◆ Exercise brief: From the entries below, give the number of lines where the word "partial" occurs, and nothing else.

◆ Available data:
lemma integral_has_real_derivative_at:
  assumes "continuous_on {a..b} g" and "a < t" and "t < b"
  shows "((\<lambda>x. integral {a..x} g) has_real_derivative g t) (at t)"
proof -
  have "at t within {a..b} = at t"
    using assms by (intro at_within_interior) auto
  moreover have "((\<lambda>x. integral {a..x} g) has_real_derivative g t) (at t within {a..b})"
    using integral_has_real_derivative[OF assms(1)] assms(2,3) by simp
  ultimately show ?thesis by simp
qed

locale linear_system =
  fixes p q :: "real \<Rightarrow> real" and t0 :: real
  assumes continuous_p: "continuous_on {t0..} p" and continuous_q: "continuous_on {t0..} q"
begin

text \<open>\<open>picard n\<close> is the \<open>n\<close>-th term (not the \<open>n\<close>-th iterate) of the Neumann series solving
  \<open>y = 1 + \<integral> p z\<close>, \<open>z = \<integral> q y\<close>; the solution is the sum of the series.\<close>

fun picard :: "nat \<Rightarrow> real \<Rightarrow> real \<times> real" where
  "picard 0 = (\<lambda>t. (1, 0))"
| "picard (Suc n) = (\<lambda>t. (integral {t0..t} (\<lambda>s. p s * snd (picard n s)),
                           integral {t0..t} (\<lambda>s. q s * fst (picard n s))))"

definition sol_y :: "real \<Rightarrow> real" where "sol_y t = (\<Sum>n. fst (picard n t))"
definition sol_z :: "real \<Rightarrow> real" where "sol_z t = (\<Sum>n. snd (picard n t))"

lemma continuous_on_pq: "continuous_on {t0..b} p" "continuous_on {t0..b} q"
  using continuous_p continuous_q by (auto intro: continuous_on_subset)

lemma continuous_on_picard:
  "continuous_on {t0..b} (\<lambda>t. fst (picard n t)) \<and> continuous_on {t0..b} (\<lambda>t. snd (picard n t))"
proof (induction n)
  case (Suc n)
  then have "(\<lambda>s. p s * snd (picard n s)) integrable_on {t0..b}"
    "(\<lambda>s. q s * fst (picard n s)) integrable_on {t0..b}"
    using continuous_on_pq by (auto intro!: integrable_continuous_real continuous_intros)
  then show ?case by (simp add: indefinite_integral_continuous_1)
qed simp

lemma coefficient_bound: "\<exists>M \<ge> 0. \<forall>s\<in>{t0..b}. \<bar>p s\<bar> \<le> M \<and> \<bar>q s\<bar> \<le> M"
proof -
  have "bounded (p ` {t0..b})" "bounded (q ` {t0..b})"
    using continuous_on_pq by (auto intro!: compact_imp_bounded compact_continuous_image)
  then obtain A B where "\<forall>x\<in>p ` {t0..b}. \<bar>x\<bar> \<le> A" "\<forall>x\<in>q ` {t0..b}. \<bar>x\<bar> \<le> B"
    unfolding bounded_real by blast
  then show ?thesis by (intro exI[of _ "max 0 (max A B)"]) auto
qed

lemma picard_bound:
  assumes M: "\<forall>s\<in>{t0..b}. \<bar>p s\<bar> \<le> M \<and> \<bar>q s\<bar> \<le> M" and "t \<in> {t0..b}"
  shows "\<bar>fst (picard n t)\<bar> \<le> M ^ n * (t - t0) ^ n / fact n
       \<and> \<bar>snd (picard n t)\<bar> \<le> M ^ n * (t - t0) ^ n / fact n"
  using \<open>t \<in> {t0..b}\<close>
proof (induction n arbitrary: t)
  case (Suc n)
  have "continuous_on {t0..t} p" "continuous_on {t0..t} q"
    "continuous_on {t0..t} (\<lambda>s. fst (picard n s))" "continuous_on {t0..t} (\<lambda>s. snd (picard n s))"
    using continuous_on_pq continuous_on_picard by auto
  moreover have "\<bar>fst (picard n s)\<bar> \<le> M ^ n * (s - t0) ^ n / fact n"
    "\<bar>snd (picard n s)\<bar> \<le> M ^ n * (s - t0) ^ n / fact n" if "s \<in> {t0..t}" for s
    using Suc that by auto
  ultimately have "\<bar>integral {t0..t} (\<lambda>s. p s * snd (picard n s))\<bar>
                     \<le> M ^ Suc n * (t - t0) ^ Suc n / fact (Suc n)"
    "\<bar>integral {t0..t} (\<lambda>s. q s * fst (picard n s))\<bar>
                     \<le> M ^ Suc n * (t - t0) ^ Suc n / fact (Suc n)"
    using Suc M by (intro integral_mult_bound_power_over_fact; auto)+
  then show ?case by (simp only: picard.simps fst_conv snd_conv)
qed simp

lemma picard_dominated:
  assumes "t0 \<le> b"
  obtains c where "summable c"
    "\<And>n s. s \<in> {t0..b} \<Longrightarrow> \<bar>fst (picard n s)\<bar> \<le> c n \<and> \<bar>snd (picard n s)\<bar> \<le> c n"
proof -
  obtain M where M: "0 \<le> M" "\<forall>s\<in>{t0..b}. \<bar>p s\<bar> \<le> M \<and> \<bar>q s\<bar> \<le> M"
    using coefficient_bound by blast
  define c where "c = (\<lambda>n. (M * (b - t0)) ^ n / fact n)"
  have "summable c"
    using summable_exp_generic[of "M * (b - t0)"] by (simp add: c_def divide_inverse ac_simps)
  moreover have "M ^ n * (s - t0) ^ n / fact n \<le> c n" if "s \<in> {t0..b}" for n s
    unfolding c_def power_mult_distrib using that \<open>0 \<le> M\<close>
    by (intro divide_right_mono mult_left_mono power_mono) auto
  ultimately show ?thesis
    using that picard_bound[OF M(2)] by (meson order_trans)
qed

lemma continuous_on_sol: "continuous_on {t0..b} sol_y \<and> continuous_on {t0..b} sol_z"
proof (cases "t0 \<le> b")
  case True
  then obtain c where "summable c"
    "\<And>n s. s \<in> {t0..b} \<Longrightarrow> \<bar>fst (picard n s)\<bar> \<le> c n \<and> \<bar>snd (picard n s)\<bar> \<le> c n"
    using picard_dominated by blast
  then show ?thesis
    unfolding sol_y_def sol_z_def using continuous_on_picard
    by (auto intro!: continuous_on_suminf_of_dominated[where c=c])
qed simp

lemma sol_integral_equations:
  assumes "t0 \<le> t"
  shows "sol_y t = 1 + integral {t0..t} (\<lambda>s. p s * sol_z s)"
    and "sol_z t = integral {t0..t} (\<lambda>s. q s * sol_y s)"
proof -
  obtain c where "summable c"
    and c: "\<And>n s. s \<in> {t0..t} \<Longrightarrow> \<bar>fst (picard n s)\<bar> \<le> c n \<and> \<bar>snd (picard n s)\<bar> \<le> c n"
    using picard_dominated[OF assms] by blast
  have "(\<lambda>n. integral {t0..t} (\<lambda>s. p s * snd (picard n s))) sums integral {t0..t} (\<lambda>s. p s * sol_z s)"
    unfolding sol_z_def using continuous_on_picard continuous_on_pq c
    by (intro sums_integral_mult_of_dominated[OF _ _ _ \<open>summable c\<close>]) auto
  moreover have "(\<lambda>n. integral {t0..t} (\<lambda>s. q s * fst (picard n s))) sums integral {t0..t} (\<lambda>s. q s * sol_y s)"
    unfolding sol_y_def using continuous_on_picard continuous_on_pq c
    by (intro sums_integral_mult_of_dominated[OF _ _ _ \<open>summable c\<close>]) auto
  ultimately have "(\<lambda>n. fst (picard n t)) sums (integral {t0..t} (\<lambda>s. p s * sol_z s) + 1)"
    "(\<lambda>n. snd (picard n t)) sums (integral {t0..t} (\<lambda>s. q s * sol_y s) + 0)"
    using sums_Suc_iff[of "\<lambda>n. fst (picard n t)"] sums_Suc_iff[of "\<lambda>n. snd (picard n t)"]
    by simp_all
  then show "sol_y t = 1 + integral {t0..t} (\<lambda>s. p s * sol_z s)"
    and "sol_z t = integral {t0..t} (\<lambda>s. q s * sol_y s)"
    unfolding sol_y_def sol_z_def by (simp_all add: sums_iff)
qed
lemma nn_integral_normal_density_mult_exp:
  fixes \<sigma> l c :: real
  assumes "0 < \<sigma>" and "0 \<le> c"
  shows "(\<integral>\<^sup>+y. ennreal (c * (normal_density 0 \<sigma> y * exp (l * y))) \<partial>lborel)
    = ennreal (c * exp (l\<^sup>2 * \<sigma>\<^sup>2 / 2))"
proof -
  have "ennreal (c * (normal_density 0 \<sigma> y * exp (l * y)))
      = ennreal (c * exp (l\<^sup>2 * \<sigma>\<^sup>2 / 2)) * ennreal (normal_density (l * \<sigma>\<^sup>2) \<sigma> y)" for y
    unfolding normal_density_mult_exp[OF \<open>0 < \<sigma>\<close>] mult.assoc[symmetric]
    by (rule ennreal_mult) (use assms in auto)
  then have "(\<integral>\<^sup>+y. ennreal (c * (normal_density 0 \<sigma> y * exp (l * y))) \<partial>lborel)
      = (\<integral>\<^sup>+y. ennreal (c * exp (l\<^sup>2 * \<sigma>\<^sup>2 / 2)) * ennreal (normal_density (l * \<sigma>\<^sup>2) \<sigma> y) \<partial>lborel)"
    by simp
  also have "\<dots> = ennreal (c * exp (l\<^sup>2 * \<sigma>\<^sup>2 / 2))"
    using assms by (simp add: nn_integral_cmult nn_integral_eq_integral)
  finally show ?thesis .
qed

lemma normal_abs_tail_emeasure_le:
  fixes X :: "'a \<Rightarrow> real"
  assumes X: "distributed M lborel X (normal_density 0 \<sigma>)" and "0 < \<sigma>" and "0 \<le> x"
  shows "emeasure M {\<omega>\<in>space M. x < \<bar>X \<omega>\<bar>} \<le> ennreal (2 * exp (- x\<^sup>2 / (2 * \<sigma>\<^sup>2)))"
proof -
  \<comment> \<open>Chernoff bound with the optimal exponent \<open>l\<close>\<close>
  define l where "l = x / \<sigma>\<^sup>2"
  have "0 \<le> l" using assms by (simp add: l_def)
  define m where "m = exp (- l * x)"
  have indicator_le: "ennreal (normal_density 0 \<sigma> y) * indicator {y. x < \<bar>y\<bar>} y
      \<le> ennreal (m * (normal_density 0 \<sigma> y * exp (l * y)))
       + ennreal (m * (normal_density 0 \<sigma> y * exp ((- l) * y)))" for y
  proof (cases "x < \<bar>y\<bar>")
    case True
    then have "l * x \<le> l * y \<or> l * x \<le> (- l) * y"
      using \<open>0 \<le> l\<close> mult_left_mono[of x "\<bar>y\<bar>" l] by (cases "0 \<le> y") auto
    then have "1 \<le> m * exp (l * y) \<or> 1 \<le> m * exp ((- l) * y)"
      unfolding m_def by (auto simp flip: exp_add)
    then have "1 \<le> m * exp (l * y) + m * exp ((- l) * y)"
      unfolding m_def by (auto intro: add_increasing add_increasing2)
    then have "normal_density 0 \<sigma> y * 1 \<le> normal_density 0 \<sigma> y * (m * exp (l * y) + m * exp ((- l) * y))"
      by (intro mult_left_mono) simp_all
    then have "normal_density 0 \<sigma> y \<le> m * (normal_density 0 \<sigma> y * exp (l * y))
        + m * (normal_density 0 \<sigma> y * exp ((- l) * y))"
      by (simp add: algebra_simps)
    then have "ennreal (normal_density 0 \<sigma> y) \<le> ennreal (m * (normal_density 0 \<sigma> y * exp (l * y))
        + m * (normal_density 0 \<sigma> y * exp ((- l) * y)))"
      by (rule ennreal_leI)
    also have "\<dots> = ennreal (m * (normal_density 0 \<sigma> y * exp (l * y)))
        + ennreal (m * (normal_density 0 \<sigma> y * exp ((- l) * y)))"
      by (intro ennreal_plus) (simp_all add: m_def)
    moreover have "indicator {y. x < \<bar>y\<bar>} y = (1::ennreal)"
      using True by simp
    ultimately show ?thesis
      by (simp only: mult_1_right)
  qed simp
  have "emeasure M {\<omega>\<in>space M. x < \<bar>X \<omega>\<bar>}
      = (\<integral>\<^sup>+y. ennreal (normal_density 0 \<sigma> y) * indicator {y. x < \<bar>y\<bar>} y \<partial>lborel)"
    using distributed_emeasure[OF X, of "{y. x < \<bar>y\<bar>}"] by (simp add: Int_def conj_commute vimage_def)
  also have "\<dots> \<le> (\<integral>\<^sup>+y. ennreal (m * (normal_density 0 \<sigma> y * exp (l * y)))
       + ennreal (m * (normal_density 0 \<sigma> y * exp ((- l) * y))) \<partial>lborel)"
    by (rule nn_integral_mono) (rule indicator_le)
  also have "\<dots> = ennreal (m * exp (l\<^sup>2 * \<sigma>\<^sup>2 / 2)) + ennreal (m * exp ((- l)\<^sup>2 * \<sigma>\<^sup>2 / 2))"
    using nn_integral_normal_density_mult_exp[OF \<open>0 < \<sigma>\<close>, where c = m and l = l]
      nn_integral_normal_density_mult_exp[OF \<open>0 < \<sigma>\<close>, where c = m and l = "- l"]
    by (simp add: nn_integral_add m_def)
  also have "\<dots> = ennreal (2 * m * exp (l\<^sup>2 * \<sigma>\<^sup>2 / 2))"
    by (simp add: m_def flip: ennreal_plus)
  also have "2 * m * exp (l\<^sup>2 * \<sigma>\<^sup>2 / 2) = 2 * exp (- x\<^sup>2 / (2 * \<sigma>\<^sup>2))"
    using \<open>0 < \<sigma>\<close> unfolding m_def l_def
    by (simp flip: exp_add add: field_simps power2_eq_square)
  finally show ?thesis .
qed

◆ Result of the task: 5